23rd Chief Justice of Bangladesh
- In office 31 December 2021 – 25 September 2023
- Appointed by: Abdul Hamid
- President: Abdul Hamid; Mohammed Shahabuddin;
- Preceded by: Syed Mahmud Hossain
- Succeeded by: Obaidul Hassan

Personal details
- Born: 26 September 1956 (age 69)
- Alma mater: Satkhira Government College University of Dhaka Dhanmondi Law College

= Hasan Foez Siddique =

23rd Chief Justice of Bangladesh

Hasan Foez Siddique (born 26 September 1956) is a Bangladeshi lawyer and jurist who served as 23rd Chief Justice of the Supreme Court of Bangladesh.

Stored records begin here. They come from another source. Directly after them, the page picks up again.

(* Let $G$ be a connected graph on $n$ vertices. Then $b(G^2)\le \lceil \sqrt{n}\,\rceil$.
   Context: $G^2$ is the graph on $V(G)$ in which distinct $u,v$ are adjacent iff $d_G(u,v)\le 2$. Graph burning: in each round $i$ a vertex (source) is chosen and burned, and simultaneously every unburned neighbour of a vertex burned by the end of round $i-1$ becomes burned; burned vertices stay burned. The burning number $b(G)$ is the minimum number of rounds needed to burn all vertices. *)

theory Defs
  imports Complex_Main
begin

definition simple_graph :: "'a set \<Rightarrow> ('a \<Rightarrow> 'a \<Rightarrow> bool) \<Rightarrow> bool" where
  "simple_graph V E \<longleftrightarrow> finite V \<and> (\<forall>u v. E u v \<longrightarrow> u \<in> V \<and> v \<in> V)
     \<and> (\<forall>u v. E u v \<longrightarrow> E v u) \<and> (\<forall>u. \<not> E u u)"

definition connected_graph :: "'a set \<Rightarrow> ('a \<Rightarrow> 'a \<Rightarrow> bool) \<Rightarrow> bool" where
  "connected_graph V E \<longleftrightarrow> simple_graph V E \<and> (\<forall>u\<in>V. \<forall>v\<in>V. E\<^sup>*\<^sup>* u v)"

definition graph_square :: "'a set \<Rightarrow> ('a \<Rightarrow> 'a \<Rightarrow> bool) \<Rightarrow> 'a \<Rightarrow> 'a \<Rightarrow> bool" where
  "graph_square V E u v \<longleftrightarrow> u \<in> V \<and> v \<in> V \<and> u \<noteq> v \<and>
     (E u v \<or> (\<exists>w\<in>V. E u w \<and> E w v))"

text \<open>Burning process: s i is the source chosen in round i+1.
burned E s k is the set of vertices burned after k rounds.\<close>
fun burned :: "('a \<Rightarrow> 'a \<Rightarrow> bool) \<Rightarrow> (nat \<Rightarrow> 'a) \<Rightarrow> nat \<Rightarrow> 'a set" where
  "burned E s 0 = {}"
| "burned E s (Suc i) = burned E s i \<union> {v. \<exists>u\<in>burned E s i. E u v} \<union> {s i}"

definition burns_in :: "'a set \<Rightarrow> ('a \<Rightarrow> 'a \<Rightarrow> bool) \<Rightarrow> nat \<Rightarrow> bool" where
  "burns_in V E k \<longleftrightarrow> (\<exists>s. (\<forall>i<k. s i \<in> V) \<and> burned E s k = V)"

definition burning_number :: "'a set \<Rightarrow> ('a \<Rightarrow> 'a \<Rightarrow> bool) \<Rightarrow> nat" where
  "burning_number V E = (LEAST k. burns_in V E k)"

end

(* Fix a BFS tree of G rooted at r. While m + 1 centres remain to be placed, take a deepest
   remaining vertex u and its ancestor w at tree distance 2m: the remaining descendants of w are
   at least 2m + 1 vertices, all within tree distance 2m of w, and removing them leaves a set closed
   under taking parents with at most m^2 vertices. (If no vertex is that deep, the root serves.)
   This gives centres x_0, ..., x_(k-1), k = ceil (sqrt n), with every vertex within distance 2i
   of some x_i in G, hence within distance i in G^2; lighting x_i in round k - i burns G^2
   within k rounds. *)

theory Submission
  imports Defs
begin

lemma burned_mono: "i \<le> j \<Longrightarrow> burned F s i \<subseteq> burned F s j"
  by (induction j) (auto simp: le_Suc_eq)

lemma relpowp_source_in_burned: "(F ^^ t) (s a) v \<Longrightarrow> v \<in> burned F s (Suc a + t)"
proof (induction t arbitrary: v)
  case 0
  then show ?case by simp
next
  case (Suc t)
  then obtain u where "(F ^^ t) (s a) u" "F u v" by (auto elim: relpowp_Suc_E)
  with Suc.IH show ?case by auto
qed

lemma burned_subset:
  "(\<And>u v. F u v \<Longrightarrow> v \<in> V) \<Longrightarrow> (\<And>i. i < k \<Longrightarrow> s i \<in> V) \<Longrightarrow> burned F s k \<subseteq> V"
  by (induction k) auto

lemma burning_number_le_if_radius_cover:
  assumes F_V: "\<And>u v. F u v \<Longrightarrow> v \<in> V"
    and x_V: "\<And>i. i < k \<Longrightarrow> x i \<in> V"
    and cover: "\<And>v. v \<in> V \<Longrightarrow> \<exists>i<k. \<exists>t\<le>i. (F ^^ t) (x i) v"
  shows "burning_number V F \<le> k"
proof -
  define s where "s i = x (k - 1 - i)" for i
  \<comment> \<open>x i is lit in round k - i, leaving exactly i rounds to spread\<close>
  have s_V: "s i \<in> V" if "i < k" for i
    using x_V that by (simp add: s_def)
  have "V \<subseteq> burned F s k"
  proof
    fix v assume "v \<in> V"
    then obtain i t where i: "i < k" and t: "t \<le> i" and "(F ^^ t) (x i) v"
      using cover by blast
    then have "(F ^^ t) (s (k - 1 - i)) v" by (simp add: s_def)
    then have "v \<in> burned F s (Suc (k - 1 - i) + t)" by (rule relpowp_source_in_burned)
    moreover have "Suc (k - 1 - i) + t \<le> k" using i t by linarith
    ultimately show "v \<in> burned F s k" using burned_mono[of _ k F s] by blast
  qed
  with burned_subset[of F V k s] F_V s_V have "burned F s k = V" by blast
  with s_V have "burns_in V F k" unfolding burns_in_def by blast
  then show ?thesis unfolding burning_number_def by (rule Least_le)
qed

lemma graph_square_relpowp_half:
  assumes graph: "simple_graph V E" and walk: "(E ^^ j) w v"
  shows "\<exists>t. 2 * t \<le> j + 1 \<and> (graph_square V E ^^ t) w v"
  using walk
proof (induction j arbitrary: v rule: nat_induct2)
  case 0
  then show ?case by (intro exI[of _ 0]) simp
next
  case 1
  then have "graph_square V E w v"
    using graph unfolding simple_graph_def graph_square_def by auto
  then show ?case by (intro exI[of _ 1]) (simp del: relpowp.simps)
next
  case (step j)
  then obtain a b where "(E ^^ j) w a" "E a b" "E b v"
    by (auto simp: numeral_2_eq_2 elim!: relpowp_Suc_E)
  moreover from this(1) obtain t where t: "2 * t \<le> j + 1" "(graph_square V E ^^ t) w a"
    using step.IH by blast
  ultimately have "a = v \<or> graph_square V E a v"
    using graph unfolding simple_graph_def graph_square_def by blast
  then show ?case
  proof
    assume "a = v"
    with t show ?case by (intro exI[of _ t]) simp
  next
    assume "graph_square V E a v"
    with t show ?case by (intro exI[of _ "Suc t"]) auto
  qed
qed

locale bfs_tree =
  fixes V :: "'a set" and E :: "'a \<Rightarrow> 'a \<Rightarrow> bool" and r :: 'a
    and p :: "'a \<Rightarrow> 'a" and d :: "'a \<Rightarrow> nat"
  assumes finite_V: "finite V"
    and root_in_V: "r \<in> V"
    and parent_root: "p r = r"
    and parent_in_V: "v \<in> V \<Longrightarrow> p v \<in> V"
    and parent_edge: "v \<in> V \<Longrightarrow> v \<noteq> r \<Longrightarrow> E (p v) v"
    and depth_parent: "v \<in> V \<Longrightarrow> v \<noteq> r \<Longrightarrow> Suc (d (p v)) = d v"
    and depth_root: "d r = 0"
begin

definition descendants :: "'a \<Rightarrow> 'a set" where
  "descendants w = {v \<in> V. \<exists>j. (p ^^ j) v = w}"

lemma ancestor_in_closed: "(\<And>v. v \<in> R \<Longrightarrow> p v \<in> R) \<Longrightarrow> v \<in> R \<Longrightarrow> (p ^^ j) v \<in> R"
  by (induction j) auto

lemmas ancestor_in_V = ancestor_in_closed[OF parent_in_V]

lemma ancestor_of_root: "(p ^^ j) r = r"
  by (induction j) (auto simp: parent_root)

lemma depth_ancestor: "v \<in> V \<Longrightarrow> j \<le> d v \<Longrightarrow> d ((p ^^ j) v) = d v - j"
proof (induction j)
  case 0
  then show ?case by simp
next
  case (Suc j)
  let ?y = "(p ^^ j) v"
  have "?y \<in> V" "d ?y = d v - j" using Suc ancestor_in_V by auto
  moreover from this have "?y \<noteq> r" using Suc.prems depth_root by auto
  ultimately show ?case using depth_parent by force
qed

lemma ancestor_depth_eq_root: "v \<in> V \<Longrightarrow> (p ^^ d v) v = r"
  using depth_ancestor[of v "d v"] ancestor_in_V[of v "d v"] depth_parent by fastforce

lemma ancestor_index_le_depth:
  assumes "v \<in> V" "(p ^^ j) v = w" "w \<noteq> r"
  shows "j \<le> d v"
proof (rule ccontr)
  assume "\<not> j \<le> d v"
  then have "(p ^^ j) v = (p ^^ (j - d v)) ((p ^^ d v) v)"
    by (metis funpow_add comp_apply le_add_diff_inverse2 nat_le_linear)
  with assms show False by (simp add: ancestor_depth_eq_root ancestor_of_root)
qed

lemma relpowp_ancestor: "v \<in> V \<Longrightarrow> j \<le> d v \<Longrightarrow> (E ^^ j) ((p ^^ j) v) v"
proof (induction j)
  case 0
  then show ?case by simp
next
  case (Suc j)
  let ?y = "(p ^^ j) v"
  have "?y \<in> V" "d ?y = d v - j" using Suc.prems ancestor_in_V depth_ancestor by auto
  then have "E (p ?y) ?y" using Suc.prems depth_root parent_edge by fastforce
  moreover have "(E ^^ j) ?y v" using Suc by simp
  ultimately have "(E ^^ Suc j) (p ?y) v" by (rule relpowp_Suc_I2)
  then show ?case by (simp del: relpowp.simps)
qed

lemma child_in_descendants:
  assumes "v \<in> V" "p v \<in> descendants w"
  shows "v \<in> descendants w"
proof -
  obtain j where "(p ^^ j) (p v) = w" using assms(2) unfolding descendants_def by blast
  then have "(p ^^ Suc j) v = w" by (simp only: funpow_Suc_right comp_apply)
  with assms(1) show ?thesis unfolding descendants_def by blast
qed

lemma relpowp_from_ancestor:
  assumes "v \<in> descendants w" "w \<noteq> r"
  shows "(E ^^ (d v - d w)) w v"
proof -
  obtain j where v: "v \<in> V" and j: "(p ^^ j) v = w"
    using assms(1) unfolding descendants_def by blast
  have "j \<le> d v" using v j assms(2) by (rule ancestor_index_le_depth)
  with v j have "d v - d w = j" using depth_ancestor by fastforce
  with j show ?thesis using relpowp_ancestor[OF v \<open>j \<le> d v\<close>] by simp
qed

lemma card_descendants_of_ancestor:
  assumes R: "R \<subseteq> V" "\<And>v. v \<in> R \<Longrightarrow> p v \<in> R" and u: "u \<in> R" "h \<le> d u"
  shows "Suc h \<le> card (R \<inter> descendants ((p ^^ h) u))"
proof -
  let ?a = "\<lambda>j. (p ^^ j) u"
  have "?a j \<in> descendants (?a h)" if "j \<le> h" for j
  proof -
    have "(p ^^ (h - j)) (?a j) = ?a h"
      using that by (metis comp_apply funpow_add le_add_diff_inverse2)
    then show ?thesis using R(1) u(1) ancestor_in_V unfolding descendants_def by blast
  qed
  then have "?a ` {..h} \<subseteq> R \<inter> descendants (?a h)"
    using R u(1) ancestor_in_closed by auto
  moreover have "inj_on ?a {..h}"
  proof (rule inj_onI)
    fix i j assume "i \<in> {..h}" "j \<in> {..h}" "?a i = ?a j"
    then show "i = j" using depth_ancestor[of u] R(1) u by (metis atMost_iff diff_diff_cancel le_trans subsetD)
  qed
  moreover have "finite (R \<inter> descendants (?a h))" using R(1) finite_V finite_subset by blast
  ultimately have "card (?a ` {..h}) \<le> card (R \<inter> descendants (?a h))" by (simp add: card_mono)
  with \<open>inj_on ?a {..h}\<close> show ?thesis by (simp add: card_image)
qed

== Early life and education ==
Siddique was born on 26 September 1956 to Abdul Gofur Mollah and Nurjahan Begum. He passed SSC from Khoksa Janipur Pilot High School in 1972 and ISC from Government P.C. College in 1974. After passing Bachelor of Arts from Satkhira Government College, he took his MSS (Masters in Social Science) degree from the Department of Political Science, University of Dhaka. He later passed Bachelor of Laws from Dhanmondi Law College and enrolled as an advocate at the District & Sessions Judge Court, Dhaka in 1981.

== Career ==
Siddique was enrolled as an advocate of the District Court, the High Court Division and the Appellate Division of the Supreme Court of Bangladesh in 1981, 1983 and 1999 respectively. He acted as legal advisor to Khulna City Corporation, Kushtia Municipality, Jalalabad Gas Transmission Company, and chief law advisor of the Ministry of Home Affairs.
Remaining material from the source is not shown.